Wade wasn’t in the breakfast room, nor the kitchen, when she got downstairs.
“Looking for Mr. Collins?” Mrs. Dexter said with a smile as she bustled about pouring a fresh cup of tea and placing it at Piper’s old place at the huge worn kitchen table.
“Yes, we have an appointment together this morning.”
“He had to get away early to the office. Some problem or other. He said if he couldn’t get back on time, he’d send a car for you so you could still meet with Mr. Chadwick in his rooms.”
“Oh, thanks.”
Piper fought back the unreasonable feeling of disappointment that he wasn’t here. He had a business to run so she could hardly expect him to wait upon her hand and foot.
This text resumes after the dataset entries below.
(* Let $1\le p\le\infty$, let $X,Y$ be real Banach spaces, let $U\subseteq X$ be an open convex subset, and let $f:U\to Y$ be a (Fréchet) differentiable mapping such that for every $U$-bounded Dunford-Pettis set $K\subset U$, the set $f'(K)$ is a $p$-$(DPL)$ set in $L(X,Y)$. Then $f$ is $p$-Right sequentially continuous.
   Context: A subset $B\subset U$ is $U$-bounded if it is bounded and its distance to the boundary of $U$ is strictly positive; a sequence is $U$-bounded if its set of terms is. A sequence $(x_n)$ in $X$ is weakly $p$-summable if $(x^*(x_n))_n\in\ell_p$ for every $x^*\in X^*$ (for $p=\infty$: weakly null). A sequence $(x_n)$ is weakly $p$-Cauchy if $(x_{m_k}-x_{n_k})_k$ is weakly $p$-summable for all strictly increasing index sequences $(m_k),(n_k)$. A bounded set $K\subset X$ is a Dunford-Pettis set if every weakly null sequence in $X^*$ converges to $0$ uniformly on $K$. A $p$-Right null (resp. $p$-Right Cauchy) sequence is a weakly $p$-summable (resp. weakly $p$-Cauchy) sequence whose set of terms is a Dunford-Pettis set. A set $K\subset L(X,Y)$ is a $p$-$(DPL)$ set if $\lim_n\sup_{T\in K}\|T(x_n)\|=0$ for every $p$-Right null sequence $(x_n)$ in $X$. A mapping $f:U\to Y$ is $p$-Right sequentially continuous if it takes $p$-Right Cauchy $U$-bounded sequences of $U$ into norm convergent sequences in $Y$. *)

theory Defs
  imports "HOL-Analysis.Analysis"
begin

definition weakly_null :: "(nat \<Rightarrow> 'a::real_normed_vector) \<Rightarrow> bool" where
  "weakly_null x \<longleftrightarrow> (\<forall>\<phi> :: 'a \<Rightarrow>\<^sub>L real. (\<lambda>n. blinfun_apply \<phi> (x n)) \<longlonglongrightarrow> 0)"

definition weakly_p_summable :: "ereal \<Rightarrow> (nat \<Rightarrow> 'a::real_normed_vector) \<Rightarrow> bool" where
  "weakly_p_summable p x \<longleftrightarrow>
     (if p = \<infinity> then weakly_null x
      else (\<forall>\<phi> :: 'a \<Rightarrow>\<^sub>L real. summable (\<lambda>n. \<bar>blinfun_apply \<phi> (x n)\<bar> powr real_of_ereal p)))"

definition weakly_p_cauchy :: "ereal \<Rightarrow> (nat \<Rightarrow> 'a::real_normed_vector) \<Rightarrow> bool" where
  "weakly_p_cauchy p x \<longleftrightarrow>
     (\<forall>m n :: nat \<Rightarrow> nat. strict_mono m \<and> strict_mono n \<longrightarrow>
        weakly_p_summable p (\<lambda>k. x (m k) - x (n k)))"

definition DP_set :: "'a::real_normed_vector set \<Rightarrow> bool" where
  "DP_set K \<longleftrightarrow> bounded K \<and>
     (\<forall>xs :: nat \<Rightarrow> ('a \<Rightarrow>\<^sub>L real). weakly_null xs \<longrightarrow>
        (\<forall>e>0. \<forall>\<^sub>F n in sequentially. \<forall>k\<in>K. \<bar>blinfun_apply (xs n) k\<bar> < e))"

definition p_right_null :: "ereal \<Rightarrow> (nat \<Rightarrow> 'a::real_normed_vector) \<Rightarrow> bool" where
  "p_right_null p x \<longleftrightarrow> weakly_p_summable p x \<and> DP_set (range x)"

definition p_right_cauchy :: "ereal \<Rightarrow> (nat \<Rightarrow> 'a::real_normed_vector) \<Rightarrow> bool" where
  "p_right_cauchy p x \<longleftrightarrow> weakly_p_cauchy p x \<and> DP_set (range x)"

definition p_DPL_set :: "ereal \<Rightarrow> ('a::real_normed_vector \<Rightarrow>\<^sub>L 'b::real_normed_vector) set \<Rightarrow> bool" where
  "p_DPL_set p K \<longleftrightarrow>
     (\<forall>x. p_right_null p x \<longrightarrow>
        (\<forall>e>0. \<forall>\<^sub>F n in sequentially. \<forall>T\<in>K. norm (blinfun_apply T (x n)) < e))"

text \<open>U-bounded subset: bounded subset of U at strictly positive distance from the
  boundary of U (vacuous distance condition if the boundary is empty).\<close>
definition U_bounded :: "'a::real_normed_vector set \<Rightarrow> 'a set \<Rightarrow> bool" where
  "U_bounded U B \<longleftrightarrow> B \<subseteq> U \<and> bounded B \<and>
     (\<exists>\<delta>>0. \<forall>b\<in>B. \<forall>z\<in>frontier U. \<delta> \<le> dist b z)"

definition p_right_seq_continuous ::
  "ereal \<Rightarrow> 'a::real_normed_vector set \<Rightarrow> ('a \<Rightarrow> 'b::real_normed_vector) \<Rightarrow> bool" where
  "p_right_seq_continuous p U f \<longleftrightarrow>
     (\<forall>x. p_right_cauchy p x \<and> U_bounded U (range x) \<longrightarrow> convergent (\<lambda>n. f (x n)))"

end

theory Submission
  imports Defs
begin

text \<open>Let \<open>x\<close> be a \<open>U\<close>-bounded \<open>p\<close>-Right Cauchy sequence and \<open>K\<close> the convex hull of its terms.
  Uniform smallness of functionals and distance from the frontier both pass to convex hulls, so \<open>K\<close>
  is a \<open>U\<close>-bounded Dunford-Pettis set and \<open>Df ` K\<close> is a \<open>p\<close>-(DPL) set. For strictly increasing
  \<open>m\<close>, \<open>n\<close> the differences \<open>x (m k) - x (n k)\<close> are \<open>p\<close>-Right null, so \<open>Df y (x (m k) - x (n k)) \<rightarrow> 0\<close>
  uniformly in \<open>y \<in> K\<close>; the mean value inequality on the segment from \<open>x (n k)\<close> to \<open>x (m k)\<close>, which
  lies in \<open>K\<close>, then gives \<open>f (x (m k)) - f (x (n k)) \<rightarrow> 0\<close>. As \<open>m\<close>, \<open>n\<close> are arbitrary, \<open>f \<circ> x\<close> is
  Cauchy, hence convergent in the Banach space.\<close>

lemma DP_set_subset:
  assumes "DP_set B" and "A \<subseteq> B"
  shows "DP_set A"
  unfolding DP_set_def
proof (intro conjI allI impI)
  show "bounded A"
    using assms bounded_subset unfolding DP_set_def by blast
  fix \<phi> :: "nat \<Rightarrow> 'a \<Rightarrow>\<^sub>L real" and e :: real
  assume "weakly_null \<phi>" "e > 0"
  then have "\<forall>\<^sub>F n in sequentially. \<forall>k\<in>B. \<bar>blinfun_apply (\<phi> n) k\<bar> < e"
    using assms(1) unfolding DP_set_def by blast
  then show "\<forall>\<^sub>F n in sequentially. \<forall>k\<in>A. \<bar>blinfun_apply (\<phi> n) k\<bar> < e"
    by eventually_elim (use assms(2) in blast)
qed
Strangely, though, she had been looking forward to his approval that she’d made an effort to “scrub up,” for want of a better term. Which reminded her. Her clothes.
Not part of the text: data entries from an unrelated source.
theorem proposition1:
  fixes M :: "'a measure"
    and Y Zj Zt :: "nat \<Rightarrow> 'a \<Rightarrow> real"
    and Zm :: "nat \<Rightarrow> 'a \<Rightarrow> (real ^ 'd)"
    and P :: "(real \<times> real \<times> (real ^ 'd)) measure"
    and Kc :: "(real ^ 'd) \<Rightarrow> real measure"
    and kY kj :: "real \<Rightarrow> real \<Rightarrow> real"
    and km :: "(real ^ 'd) \<Rightarrow> (real ^ 'd) \<Rightarrow> real"
    and v :: "nat \<Rightarrow> 'a \<Rightarrow> real"
  defines "W \<equiv> (\<lambda>t \<omega>. (Y t \<omega>, Zj t \<omega>, Zm t \<omega>, Zt t \<omega>))"
    and "\<kappa> \<equiv> kappa Y Zj Zm Zt kY kj km"
    and "F \<equiv> filt M (\<lambda>t \<omega>. (Y t \<omega>, Zj t \<omega>, Zm t \<omega>, Zt t \<omega>))"
  assumes M: "prob_space M"
    and iid_indep: "prob_space.indep_vars M (\<lambda>_. borel) W {1..}"
    and iid_law: "\<And>t. t \<ge> 1 \<Longrightarrow> distr M borel (W t) = resample_law P Kc"
    and P: "prob_space P" "sets P = sets borel"
    and cond: "is_cond_distr P Kc"
    and kern: "pd_kernel kY" "pd_kernel kj" "pd_kernel km"
      "bounded_kernel kY" "bounded_kernel kj" "bounded_kernel km"
      "(\<lambda>(a, b). kY a b) \<in> borel_measurable borel"
      "(\<lambda>(a, b). kj a b) \<in> borel_measurable borel"
      "(\<lambda>(a, b). km a b) \<in> borel_measurable borel"
    and v_meas: "\<And>t. t \<ge> 1 \<Longrightarrow> v t \<in> borel_measurable (F (t - 1))"
    and v_range: "\<And>t \<omega>. t \<ge> 1 \<Longrightarrow> \<omega> \<in> space M \<Longrightarrow> v t \<omega> \<in> {-1..1}"
    and null: "H0_GC P Kc"
  shows "(\<forall>t\<ge>1. AE \<omega> in M. real_cond_exp M (F (t - 1)) (\<kappa> t) \<omega> = 0) \<and>
         (\<forall>\<alpha>\<in>{0<..<1}. measure M {\<omega>\<in>space M. \<exists>t\<ge>1. wealth v \<kappa> t \<omega> \<ge> 1 / \<alpha>} \<le> \<alpha>)"
proof -
  have \<kappa>: "\<kappa> = (\<lambda>t \<omega>. path_kappa kY kj km t (history W t \<omega>))"
    unfolding \<kappa>_def W_def by (simp add: fun_eq_iff kappa_eq_path_kappa)
  interpret fair_betting_game M F \<kappa>
    unfolding F_def \<kappa> W_def[symmetric]
    using cond unfolding is_cond_distr_def
    by (blast intro: fair_betting_game_path_kappa[OF M iid_indep iid_law P(2) _ null kern(7-9)])
  have "v (Suc n) \<in> borel_measurable (F n)" "\<omega> \<in> space M \<Longrightarrow> \<bar>v (Suc n) \<omega>\<bar> \<le> 1" for n \<omega>
    using v_meas[of "Suc n"] v_range[of "Suc n" \<omega>] by auto
  then have "strategy v" by (simp add: strategy_def)
  moreover have "AE \<omega> in M. real_cond_exp M (F (t - 1)) (\<kappa> t) \<omega> = 0" if "1 \<le> t" for t
    using payoff_fair[of "t - 1"] that by simp
  ultimately show ?thesis
    using ville_wealth by auto
qed

end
“Dexie, can you tell me what you did with my clothing from my backpack?”
“Oh, that lot.” Mrs. Dexter wrinkled up her nose in her rosy cheeked face. “I gave it all to Dexter to incinerate. Your father would never have stood for you dressing like that.”
Piper bit back the retort that her father hadn’t had the right to dictate her appearance for many years now. Swallowing the words she’d wanted to say didn’t come easy. Those items of clothing were virtually all she’d had to her name in the way of physical possessions. She’d come back here to take control of her life and yet, even in something as simple as her clothing, she’d been railroaded.
“Besides,” the older woman continued, “you have a wardrobe full of beautiful things to wear. I must say, lovey, it’s wonderful to see you looking more your old self. Apart from the hair, that is.”
A wry smile formed at Piper’s lips. “You don’t like it?” she teased.
“Humph, as if Mr. Mitchell would ever have tolerated such a thing.”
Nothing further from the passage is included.